Никаких просьб и напутствий сказано не было, да и не надо было – все просьбы и напутствия были написаны жирными буквами на лбу племянницы.
Валентина допилась до такого состояния, что требовалось серьезное лечение.
Какое-то время Юлий пытался воздействовать на бывшую тещу, уговаривал лечиться, но дела вынуждали бизнесмена покидать городок, и в последний приезд Юн понял, что начались необратимые процессы – Валентина деградировала окончательно.
Вот тогда он и позвонил Валиной сестре.
Наина обсудила с племянницей ситуацию и решила сестру забрать к себе.
Если до отъезда Наины Симе хотелось зарыться в норку и тихо рассматривать свое горе, то после отъезда Наины Симке стало так тошно, что она боялась оставаться наедине с собой.
От Руслана по-прежнему не было вестей.
Инстинкт самосохранения шептал: надо вспомнить, что ты еще молодая женщина, и встряхнуться. Развеяться. Оттянуться.
Неужели существуют такие слова?
Впечатлительная Симка отдалась этой мысли целиком, и у нее, несчастной домохозяйки, тупой коровы, доильного аппарата, появилась почти маниакальная цель, не связанная с кормлением, стиркой, уборкой и походами по магазинам за продуктами.
Весь арсенал обольщения, оставшийся в наследство от нее самой – иной, молодой и полной жизни, был вывернут из ящика подзеркальной тумбы на постель.
Поначалу пальцы равнодушно перебирали коробочки, футляры, флаконы и пакетики. Она уже забыла, какое это удовольствие – пользоваться всей этой роскошью. Подводки, тени, тушь, румяна, тональный крем, лаки, помады – все то, что способно превратить любую Золушку в Королеву. Стыдно, но ведь она уже забыла, что и в какой последовательности наносится!
Симка выдавила на ладонь тональный крем и неуверенными движениями нанесла на скулы. Растушевала. Теперь можно наносить черты лица.
Накрасила глаза и обследовала себя тусклым взглядом.
Ой, Божечки, ой, миленький! В кого она превратилась?
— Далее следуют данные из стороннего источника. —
(* Let $H=\sum_{a=1}^m\lambda_aE_a$ be a $k$-local Hamiltonian and $G=\sum_{b=1}^{m'}\kappa_bF_b$ a $k'$-local Hamiltonian. Then, for a universal implied constant, $$\|[H,G]\|_F\lesssim(4(k'+k))^{3k}\|H\|_{2,\mathrm{loc}}\|G\|_F,\qquad \|[H,G]\|_{2,\mathrm{loc}}\lesssim(4(k'+k))^{3k}\|H\|_{2,\mathrm{loc}}\|G\|_{2,\mathrm{loc}}.$$
   Context: $\mathcal{P}$ denotes the set of $n$-qubit tensor products of Pauli matrices; $\mathrm{supp}(P)$ is the set of qubits on which $P$ acts non-trivially. A $k$-local Hamiltonian is $H=\sum_a\lambda_aE_a$ with real $\lambda_a$ and distinct non-identity Paulis $E_a$ with $|\mathrm{supp}(E_a)|\le k$. For any operator $A=\sum_{X\in\mathcal{P}}\xi_XX$ (Pauli expansion, possibly complex coefficients), $\|A\|_{1,\mathrm{loc}}=\max_{i\in[n]}\sum_{X:\,i\in\mathrm{supp}(X)}|\xi_X|$ and $\|A\|_{2,\mathrm{loc}}=\max_{i\in[n]}\big(\sum_{X:\,i\in\mathrm{supp}(X)}|\xi_X|^2\big)^{1/2}$. $\|\cdot\|_F$ is the Frobenius norm and $f\lesssim g$ means $f\le c\,g$ for a universal constant $c$. *)

theory Defs
  imports Complex_Main "Jordan_Normal_Form.Matrix"
begin
lemma br_gfil: "a \<in> G x i \<Longrightarrow> b \<in> G x j \<Longrightarrow> br a b \<in> G x (i + j)"
proof (induction i arbitrary: a b j rule: induct_nat_012)
  case 0
  show ?case
    using br_mem_gfil_Suc[OF "0.prems"(2)] gfil_Suc_subset by auto
next
  case 1
  then show ?case using br_mem_gfil_Suc by simp
next
  case (ge2 p)
  obtain a1 a2 where a: "a = a1 + a2"
    and a1: "a1 \<in> brs UNIV (G x (Suc p))" and a2: "a2 \<in> brs {x} (G x p)"
    using ge2.prems(1) by (auto simp: set_sum_def)
  have "br a1 b \<in> G x (Suc (Suc p) + j)"
    using a1 subspace_gfil
  proof (rule br_brs_left)
    fix u v assume "v \<in> G x (Suc p)"
    then have "br u (br v b) \<in> G x (Suc (Suc p) + j)"
      and "br v (br u b) \<in> G x (Suc (Suc p) + j)"
      using ge2.IH(2) ge2.prems(2) br_mem_gfil_Suc by (metis add_Suc add_Suc_right)+
    then show "br (br u v) b \<in> G x (Suc (Suc p) + j)"
      unfolding br_br_left by (rule subspace_diff[OF subspace_gfil])
  qed
  moreover have "br a2 b \<in> G x (Suc (Suc p) + j)"
    using a2 subspace_gfil
  proof (rule br_brs_left)
    fix u v assume "u \<in> {x}" "v \<in> G x p"
    then have "br u (br v b) \<in> G x (Suc (Suc p) + j)"
      and "br v (br u b) \<in> G x (Suc (Suc p) + j)"
      using ge2.IH(1) ge2.prems(2) br_mem_gfil_Suc_Suc by (metis add_Suc add_Suc_right singletonD)+
    then show "br (br u v) b \<in> G x (Suc (Suc p) + j)"
      unfolding br_br_left by (rule subspace_diff[OF subspace_gfil])
  qed
  ultimately show ?case
    unfolding a br_add_left by (rule subspace_add[OF subspace_gfil])
qed

lemma lcs_subset_gfil: "L n \<subseteq> G x n"
proof (induction n rule: induct_nat_012)
  case (ge2 n)
  then show ?case
    by (auto intro: set_sum_memI1 dest: brs_mono[OF subset_refl, THEN subsetD])
qed auto

lemma gfil_subset_lcs: "G x n \<subseteq> L (n div 2 + 1)"
proof (induction n rule: induct_nat_012)
  case (ge2 n)
  have "brs UNIV (G x (Suc n)) \<subseteq> L (Suc (Suc (Suc n div 2)))"
    using ge2.IH(2) by (simp add: brs_mono)
  also have "\<dots> \<subseteq> L (Suc (Suc (n div 2)))"
    by (rule lcs_antimono) simp
  finally have "brs UNIV (G x (Suc n)) \<subseteq> L (Suc (Suc (n div 2)))" .
  moreover have "brs {x} (G x n) \<subseteq> L (Suc (Suc (n div 2)))"
    using ge2.IH(1) by (simp add: brs_mono)
  ultimately have "set_sum (brs UNIV (G x (Suc n))) (brs {x} (G x n)) \<subseteq> L (Suc (Suc (n div 2)))"
    by (rule set_sum_subset_subspace[OF subspace_lcs])
  then show ?case
    by simp
qed auto

lemma gfil_eq_zero_if_nilpotent:
  assumes "nilpotent_step sc br s"
  shows "G x (2 * s) = {0}"
proof -
  have "G x (2 * s) \<subseteq> L (s + 1)"
    using gfil_subset_lcs[of x "2 * s"] by simp
  then show ?thesis
    using assms subspace_0[OF subspace_gfil] by (auto simp: nilpotent_step_def)
qed

subsection \<open>Weighted iterated brackets\<close>

definition congruent_count :: "'a \<Rightarrow> 'a list \<Rightarrow> nat" where
  "congruent_count x xs = length (filter (\<lambda>y. y - x \<in> L 2) xs)"

definition weighted_brackets :: "'a \<Rightarrow> nat \<Rightarrow> 'a set" where
  "weighted_brackets x k =
     {iter_br br xs | xs. xs \<noteq> [] \<and> k \<le> length xs + congruent_count x xs}"

lemma weighted_brackets_eq:
  "{iter_br br xs | xs. xs \<noteq> [] \<and>
      (length xs \<ge> k \<or>
       (length xs < k \<and> card {i. i < length xs \<and> xs ! i - x \<in> L 2} \<ge> k - length xs))}
   = weighted_brackets x k"
proof -
  have "(length xs \<ge> k \<or> (length xs < k \<and> c \<ge> k - length xs)) \<longleftrightarrow> k \<le> length xs + c"
    for xs :: "'a list" and c :: nat
    by linarith
  then show ?thesis
    unfolding weighted_brackets_def congruent_count_def length_filter_conv_card by simp
qed

lemma weighted_brackets_congruent:
  assumes "y - x \<in> L 2"
  shows "weighted_brackets y k = weighted_brackets x k"
proof -
  have "z - y \<in> L 2 \<longleftrightarrow> z - x \<in> L 2" for z
    using subspace_add[OF subspace_lcs _ assms, of "z - y"]
      subspace_diff[OF subspace_lcs _ assms, of "z - x"] by auto
  then show ?thesis
    by (simp add: weighted_brackets_def congruent_count_def)
qed

lemma br_Cons_mem_weighted_brackets:
  assumes "b \<in> weighted_brackets x k" "k' \<le> k + (if a - x \<in> L 2 then 2 else 1)"
  shows "br a b \<in> weighted_brackets x k'"
proof -
  obtain xs where xs: "b = iter_br br xs" "xs \<noteq> []" "k \<le> length xs + congruent_count x xs"
    using assms(1) unfolding weighted_brackets_def by blast
  then have "br a b = iter_br br (a # xs)"
    by (cases xs) auto
  moreover have "k' \<le> length (a # xs) + congruent_count x (a # xs)"
    using xs(3) assms(2) by (auto simp: congruent_count_def split: if_splits)
  ultimately show ?thesis
    unfolding weighted_brackets_def by blast
qed

lemma gfil_subset_span_weighted_brackets: "G x k \<subseteq> span (weighted_brackets x k)"
proof (induction k rule: induct_nat_012)
  have "y \<in> weighted_brackets x k" if "k \<le> 1" for y k
    unfolding weighted_brackets_def using that by (force intro: exI[of _ "[y]"])
  then show "G x 0 \<subseteq> span (weighted_brackets x 0)"
    and "G x (Suc 0) \<subseteq> span (weighted_brackets x (Suc 0))"
    by (auto intro: span_base)
next
  case (ge2 n)
  have "brs UNIV (G x (Suc n)) \<subseteq> span (weighted_brackets x (Suc (Suc n)))"
  proof (rule brs_subset[OF subspace_span])
    fix a b assume "b \<in> G x (Suc n)"
    with ge2.IH(2) have "b \<in> span (weighted_brackets x (Suc n))" ..
    then show "br a b \<in> span (weighted_brackets x (Suc (Suc n)))"
      by (rule br_span_right[OF _ subspace_span])
        (rule span_base, erule br_Cons_mem_weighted_brackets, simp)
  qed
  moreover have "brs {x} (G x n) \<subseteq> span (weighted_brackets x (Suc (Suc n)))"
  proof (rule brs_subset[OF subspace_span])
    fix a b assume "a \<in> {x}" "b \<in> G x n"
    with ge2.IH(1) have "b \<in> span (weighted_brackets x n)" by auto
    then have "br x b \<in> span (weighted_brackets x (Suc (Suc n)))"
      by (rule br_span_right[OF _ subspace_span])
        (rule span_base, erule br_Cons_mem_weighted_brackets, simp add: subspace_0[OF subspace_lcs])
    with \<open>a \<in> {x}\<close> show "br a b \<in> span (weighted_brackets x (Suc (Suc n)))"
      by simp
  qed
  ultimately show ?case
    by (simp add: set_sum_subset_subspace)
qed

lemma br_congruent_mem_gfil:
  assumes "y - x \<in> L 2" "t \<in> G x m"
  shows "br y t \<in> G x (m + 2)"
proof -
  have "y - x \<in> G x 2"
    using assms(1) by (simp add: gfil_2)
  then have "br (y - x) t \<in> G x (m + 2)"
    using br_gfil[OF _ assms(2)] by (metis add.commute)
  moreover have "br x t \<in> G x (m + 2)"
    using br_mem_gfil_Suc_Suc[OF assms(2)] by simp
  moreover have "br y t = br x t + br (y - x) t"
    by (simp add: br_diff_left)
  ultimately show ?thesis
    by (metis subspace_add[OF subspace_gfil])
qed

lemma br_pair_mem_gfil:
  "br p q \<in> G x (2 + congruent_count x [p, q])"
proof -
  have G1: "z \<in> G x 1" for z
    by simp
  have G2: "z - x \<in> G x 2" if "z - x \<in> L 2" for z
    using that by (simp add: gfil_2)
  show ?thesis
  proof (cases "p - x \<in> L 2"; cases "q - x \<in> L 2")
    assume p: "p - x \<in> L 2" and q: "q - x \<in> L 2"
    have "br p (q - x) \<in> G x 4"
      using br_congruent_mem_gfil[OF p G2[OF q]] by simp
    moreover have "br x (p - x) \<in> G x 4"
      using br_mem_gfil_Suc_Suc[OF G2[OF p]] by (simp add: numeral_eq_Suc)
    moreover have "br p q = br p (q - x) - br x (p - x)"
      by (simp add: br_diff_left br_antisym[of p x] br_diff_right)
    ultimately have "br p q \<in> G x 4"
      by (metis subspace_diff[OF subspace_gfil])
    then show ?thesis
      using p q by (simp add: congruent_count_def)
  next
    assume p: "p - x \<in> L 2" and q: "q - x \<notin> L 2"
    show ?thesis
      using br_congruent_mem_gfil[OF p G1] p q
      by (simp add: congruent_count_def numeral_3_eq_3 del: gfil.simps)
  next
    assume p: "p - x \<notin> L 2" and q: "q - x \<in> L 2"
    have "- br q p \<in> G x 3"
      using br_congruent_mem_gfil[OF q G1]
      by (simp add: subspace_neg[OF subspace_gfil] numeral_3_eq_3 del: gfil.simps)
    then show ?thesis
      using p q by (simp add: congruent_count_def br_antisym[of p q])
  next
    assume p: "p - x \<notin> L 2" and q: "q - x \<notin> L 2"
    show ?thesis
      using br_mem_gfil_Suc[OF G1[of q], of p] p q
      by (simp add: congruent_count_def numeral_2_eq_2 del: gfil.simps)
  qed
qed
А это что?!! Симка в панике переместилась с зеркалом к окну. Так и есть: морщинка между бровей. Это от одиночества.
Вздохнув, Серафима добавила на внешний угол глаза коричневого тона, на скулы – бронзы. Третий сорт еще не брак.
Просто ей нужно на несколько часов забыть, кто она, свое прошлое и настоящее, сбросить шкурку лягушки, обернуться змеей и пустить яд под кожу какому-нибудь зазевавшемуся сатиру. Отравить, ослепить, оглушить. Залюбить до смерти.